LE PLUS. L’office de Moussaf de Chemini Atseret commence par une prière spéciale pour la pluie : Tefilat haGuéchem. A partir de cette époque de l’année, pendant tout l’hiver et jusqu’au premier jour de Pessa’h, nous intercalons dans la Amidah (dans la deuxième bénédiction appelée Guevourot ou « actes puissants ») les mots « Machiv haroua’h oumorid haguéchem », glorifiant D.ieu « qui fait souffler le vent et tomber la pluie ». Le premier jour de Pessa’h, nous récitons une prière analogue pour la rosée : Tefilat Tal. A partir du premier jour de Pâque, pendant tout l’été, les mots Machiv haroua’h etc. sont supprimés et remplacés par les mots « Morid hatal » – « qui fait venir la rosée ».

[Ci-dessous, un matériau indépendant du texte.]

definition tm_step :: "'a tm \<Rightarrow> 'a tm_config \<Rightarrow> 'a tm_config" where
  "tm_step M c = (case c of (q, ts, hs) \<Rightarrow>
     if q = tm_acc M \<or> q = tm_rej M then c
     else (case tm_delta M q [(ts ! i) (hs ! i). i \<leftarrow> [0..<tm_k M]] of (q', ws, ds) \<Rightarrow>
       (q', [(ts ! i)(hs ! i := ws ! i). i \<leftarrow> [0..<tm_k M]],
            [hs ! i + ds ! i. i \<leftarrow> [0..<tm_k M]])))"

definition tm_init :: "'a tm \<Rightarrow> 'a list \<Rightarrow> 'a tm_config" where
  "tm_init M w = (tm_q0 M,
     (\<lambda>p. if 0 \<le> p \<and> p < int (length w) then Inp (w ! nat p) else Blank)
       # replicate (tm_k M - 1) (\<lambda>_. Blank),
     replicate (tm_k M) 0)"

definition tm_cfg :: "'a tm \<Rightarrow> 'a list \<Rightarrow> nat \<Rightarrow> 'a tm_config" where
  "tm_cfg M w t = (tm_step M ^^ t) (tm_init M w)"

definition tm_decides_within :: "'a tm \<Rightarrow> 'a list set \<Rightarrow> (nat \<Rightarrow> nat) \<Rightarrow> (nat \<Rightarrow> nat) \<Rightarrow> bool" where
  "tm_decides_within M L T S \<longleftrightarrow> (\<forall>w. \<exists>t. t \<le> T (length w)
     \<and> fst (tm_cfg M w t) \<in> {tm_acc M, tm_rej M}
     \<and> (fst (tm_cfg M w t) = tm_acc M \<longleftrightarrow> w \<in> L)
     \<and> card {(i, snd (snd (tm_cfg M w s)) ! i) | s i. s \<le> t \<and> i < tm_k M} \<le> S (length w))"

definition TISP :: "(nat \<Rightarrow> nat) \<Rightarrow> (nat \<Rightarrow> nat) \<Rightarrow> 'a list set set" where
  "TISP T S = {L. \<exists>M c. tm_wf M \<and> tm_decides_within M L (\<lambda>n. c * T n + c) (\<lambda>n. c * S n + c)}"

end

theory Submission
  imports Defs "HOL-Library.Countable"
begin
section \<open>Moments of axisymmetric measures\<close>

lemma quadratic_form_integral_outer:
  fixes M :: "(real^'n) measure" and v :: "real^'n"
  assumes "integrable M (\<lambda>\<Omega>. \<chi> a b. \<Omega>$a * \<Omega>$b)"
  shows "v \<bullet> ((\<integral>\<Omega>. (\<chi> a b. \<Omega>$a * \<Omega>$b) \<partial>M) *v v) = (\<integral>\<Omega>. (\<Omega> \<bullet> v)\<^sup>2 \<partial>M)"
proof -
  have T: "bounded_linear (\<lambda>A::real^'n^'n. v \<bullet> (A *v v))"
    unfolding linear_conv_bounded_linear[symmetric]
    by (rule linearI) (simp_all add: matrix_vector_mult_add_rdistrib inner_add_right
        scaleR_matrix_vector_assoc[symmetric])
  have outer: "v \<bullet> ((\<chi> a b. \<Omega>$a * \<Omega>$b) *v v) = (\<Omega> \<bullet> v)\<^sup>2" for \<Omega> :: "real^'n"
  proof -
    have "v \<bullet> ((\<chi> a b. \<Omega>$a * \<Omega>$b) *v v)
        = (\<Sum>a\<in>UNIV. \<Sum>b\<in>UNIV. (\<Omega>$a * v$a) * (\<Omega>$b * v$b))"
      by (simp add: inner_vec_def matrix_vector_mult_def sum_distrib_left mult_ac)
    also have "\<dots> = (\<Omega> \<bullet> v)\<^sup>2"
      by (simp add: inner_vec_def power2_eq_square sum_product)
    finally show ?thesis .
  qed
  show ?thesis
    using integral_bounded_linear[OF T assms] by (simp add: outer)
qed

lemma inner_matrix_vector_sum:
  fixes A :: "'i \<Rightarrow> real^'n^'n"
  shows "v \<bullet> ((\<Sum>i\<in>I. c i *\<^sub>R A i) *v v) = (\<Sum>i\<in>I. c i * (v \<bullet> (A i *v v)))"
  by (induction I rule: infinite_finite_induct)
    (simp_all add: matrix_vector_mult_add_rdistrib inner_add_right
      scaleR_matrix_vector_assoc[symmetric])

definition axi_map :: "'a::real_normed_vector \<Rightarrow> 'a \<Rightarrow> 'a \<Rightarrow> real \<times> real \<Rightarrow> 'a" where
  "axi_map R P Q = (\<lambda>(\<mu>, \<theta>). \<mu> *\<^sub>R R + sqrt (1 - \<mu>\<^sup>2) *\<^sub>R (cos \<theta> *\<^sub>R P + sin \<theta> *\<^sub>R Q))"

lemma continuous_axi_map: "continuous_on UNIV (axi_map R P Q)"
  unfolding axi_map_def case_prod_unfold by (intro continuous_intros)

lemma norm_axi_map_le:
  assumes "\<bar>\<mu>\<bar> \<le> 1"
  shows "norm (axi_map R P Q (\<mu>, \<theta>)) \<le> norm R + norm P + norm Q"
proof -
  have s: "\<bar>sqrt (1 - \<mu>\<^sup>2)\<bar> \<le> 1"
    using assms by (simp add: real_sqrt_le_1_iff abs_square_le_1)
  have "norm (cos \<theta> *\<^sub>R P + sin \<theta> *\<^sub>R Q) \<le> norm P + norm Q"
    by (rule norm_triangle_le, rule add_mono)
      (auto intro!: mult_left_le_one_le simp: abs_cos_le_one abs_sin_le_one)
  then have "norm (sqrt (1 - \<mu>\<^sup>2) *\<^sub>R (cos \<theta> *\<^sub>R P + sin \<theta> *\<^sub>R Q)) \<le> norm P + norm Q"
    using s by (auto intro: order_trans[OF mult_left_le_one_le])
  moreover have "norm (\<mu> *\<^sub>R R) \<le> norm R"
    using assms by (auto intro: mult_left_le_one_le)
  ultimately show ?thesis
    unfolding axi_map_def by (auto intro: norm_triangle_le)
qed

lemma axi_eq_distr_axi_map:
  "axi R \<nu> = distr (\<nu> \<Otimes>\<^sub>M angle_measure) borel (axi_map R (fst (obasis R)) (snd (obasis R)))"
  unfolding axi_def axi_map_def by (simp add: case_prod_beta)

lemma axi_map_inner:
  "axi_map R P Q (\<mu>, \<theta>) \<bullet> v
    = \<mu> * (R \<bullet> v) + sqrt (1 - \<mu>\<^sup>2) * (P \<bullet> v) * cos \<theta> + sqrt (1 - \<mu>\<^sup>2) * (Q \<bullet> v) * sin \<theta>"
  by (simp add: axi_map_def inner_add_left algebra_simps)

lemma obasis_orthonormal:
  fixes R P Q :: "real^3"
  assumes R: "norm R = 1" and PQ: "obasis R = (P, Q)"
  shows "norm P = 1 \<and> norm Q = 1 \<and> P \<bullet> Q = 0 \<and> P \<bullet> R = 0 \<and> Q \<bullet> R = 0"
proof -
  obtain S where S: "R \<in> S" "pairwise orthogonal S" "\<And>x. x \<in> S \<Longrightarrow> norm x = 1"
    "card S = DIM(real^3)"
    using vector_in_orthonormal_basis[OF R] by metis
  have "card (S - {R}) = 2" using S by simp
  then obtain P' Q' where PQ': "S - {R} = {P', Q'}" "P' \<noteq> Q'"
    by (auto simp: card_Suc_eq numeral_2_eq_2)
  then have "norm P' = 1 \<and> norm Q' = 1 \<and> P' \<bullet> Q' = 0 \<and> P' \<bullet> R = 0 \<and> Q' \<bullet> R = 0"
    using S by (auto simp: pairwise_def orthogonal_def)
  then have "\<exists>x. case x of (P, Q) \<Rightarrow> norm P = 1 \<and> norm Q = 1 \<and> P \<bullet> Q = 0 \<and> P \<bullet> R = 0 \<and> Q \<bullet> R = 0"
    by auto
  from someI_ex[OF this] show ?thesis
    using PQ unfolding obasis_def by simp
qed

La prière pour la pluie récitée le jour de Chemini Atseret est impressionnante (comme la prière pour la rosée récitée à Pessa’h). L’officiant est vêtu de blanc et récite la prière d’un air qui nous rappelle les Jours Solennels de Roch Hachana et Yom Kippour

La raison d’être de ces prières spéciales est facile à comprendre : les mois d’hiver en Terre Sainte sont la saison des pluies et la vie de ce pays en dépend. Si les pluies tombent à temps et en quantité suffisante, la terre produira du blé et des fruits, mais dans le cas contraire, le pays sera exposé à la famine, ce qu’à D.ieu ne plaise.

Pendant l’été, il ne pleut jamais. Pendant ces mois d’été, le sol se dessécherait complètement et le pays se changerait en désert si ce n’était la rosée qui tombant pendant la nuit, mouille légèrement le sol en brillant comme des perles aux premiers rayons du soleil.

La pluie en hiver et la rosée en été sont d’une importance vitale pour la vie du pays. Et puisque nous, Juifs, reconnaissons que D.ieu est le Maître de l’univers, que c’est Lui qui dirige les vents et les nuages et qui fait pleuvoir, nous nous adressons à Lui, hiver comme été, pour lui demander respectivement la pluie et la rosée. Nous demandons la pluie (guéchem) à Chemini Atseret, au début de la saison d’hiver et à Pessa’h, qui est le commencement de l’été, nous prions que D.ieu nous donne la rosée (tal).